仏教行事のひとつで、ブッダの誕生日と言われている4月8日に、誕生仏に甘茶や香水などをかける法会です。様々な草花で飾った花御堂に誕生仏を安置することから、一般的には「花祭り」の名で親しまれています。小さな子どもがお化粧をして着飾り、決まった経路を練り歩く「稚児行列」は、子どもの健やかな成長と守護を祈願する伝統行事で、3回参加した子は幸せになれるという言い伝えがあるそうです。

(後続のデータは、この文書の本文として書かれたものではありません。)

lemma greedy_set_cover_size:
  fixes S :: "'i \<Rightarrow> 'x set" and p :: real
  assumes I: "finite I" "I \<noteq> {}" and p: "0 < p" "p \<le> 1" "1 \<le> p * q"
    and X: "finite X" "card X \<le> 2 ^ b"
    and cov: "\<And>x. x \<in> X \<Longrightarrow> p * card I \<le> card {i\<in>I. x \<in> S i}"
  obtains F where "F \<subseteq> I" "X \<subseteq> (\<Union>i\<in>F. S i)" "card F \<le> (b + 1) * q"
proof -
  have "(1 - p) ^ q \<le> exp (- p) ^ q"
    using p exp_ge_add_one_self[of "-p"] by (intro power_mono) auto
  also have "\<dots> = exp (- (p * q))"
    by (metis exp_of_nat_mult mult.commute mult_minus_right)
  also have "\<dots> \<le> exp (-1)"
    using p(3) by simp
  also have "\<dots> \<le> 1 / 2"
    using exp_ge_add_one_self[of 1] by (simp add: exp_minus field_simps)
  finally have "(1 - p) ^ q \<le> 1 / 2" .
  then have "((1 - p) ^ q) ^ (b + 1) \<le> (1 / 2) ^ (b + 1)"
    using p(2) by (intro power_mono) auto
  then have "(1 - p) ^ ((b + 1) * q) \<le> (1 / 2) ^ (b + 1)"
    by (simp only: power_mult[symmetric] mult.commute)
  moreover have "real (card X) \<le> 2 ^ b"
    using X(2) by (metis of_nat_le_iff of_nat_numeral of_nat_power)
  ultimately have "card X * (1 - p) ^ ((b + 1) * q) \<le> 2 ^ b * (1 / 2) ^ (b + 1)"
    using p(2) by (intro mult_mono) auto
  also have "\<dots> < 1"
    by (simp add: power_one_over)
  finally show thesis
    using greedy_set_cover[OF I p(2) X(1) cov] that by blast
qed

灌仏会は、降誕会(ごうたんえ)、仏生会(ぶっしょうえ)、浴仏会(よくぶつえ)、龍華会(りゅうげえ)、花会式(はなえしき)などと呼ばれることもあります。

 

まずはお寺で行われるイベントに足を運ぶのがいいカットもいますが、お寺へ行くのは敷居が高い、という方は、お坊さんが常駐している飲食店も最近は増えているのでそこへ足を運んで人生相談をするのもいいですし、お坊さんを招いたワークショップや、お寺でイベントを行っている「寺子屋ブッダ」を活用するのもいいと思います。お坊さんの書いた仏教に関する本を読むこともいいかもしれませんが…個人的には、実際にお坊さんにお話を聞いた方がわかりやすいと思うので、読書をするなら名言(迷言…?)がたくさん載っている『聖☆お兄さん』がおすすめでしょうか…。本格的に学ぶなら「仏教検定」受験もいいかもしれません。

心地よく幸せに生きる知恵のひとつとして、ぜひブッダの教えを生かしてみてください。

 

本日も「Happy Method」をお読みくださり、ありがとうございました。
皆さまが仏教の知恵を生かし、幸せな日々を過ごすことができますように…。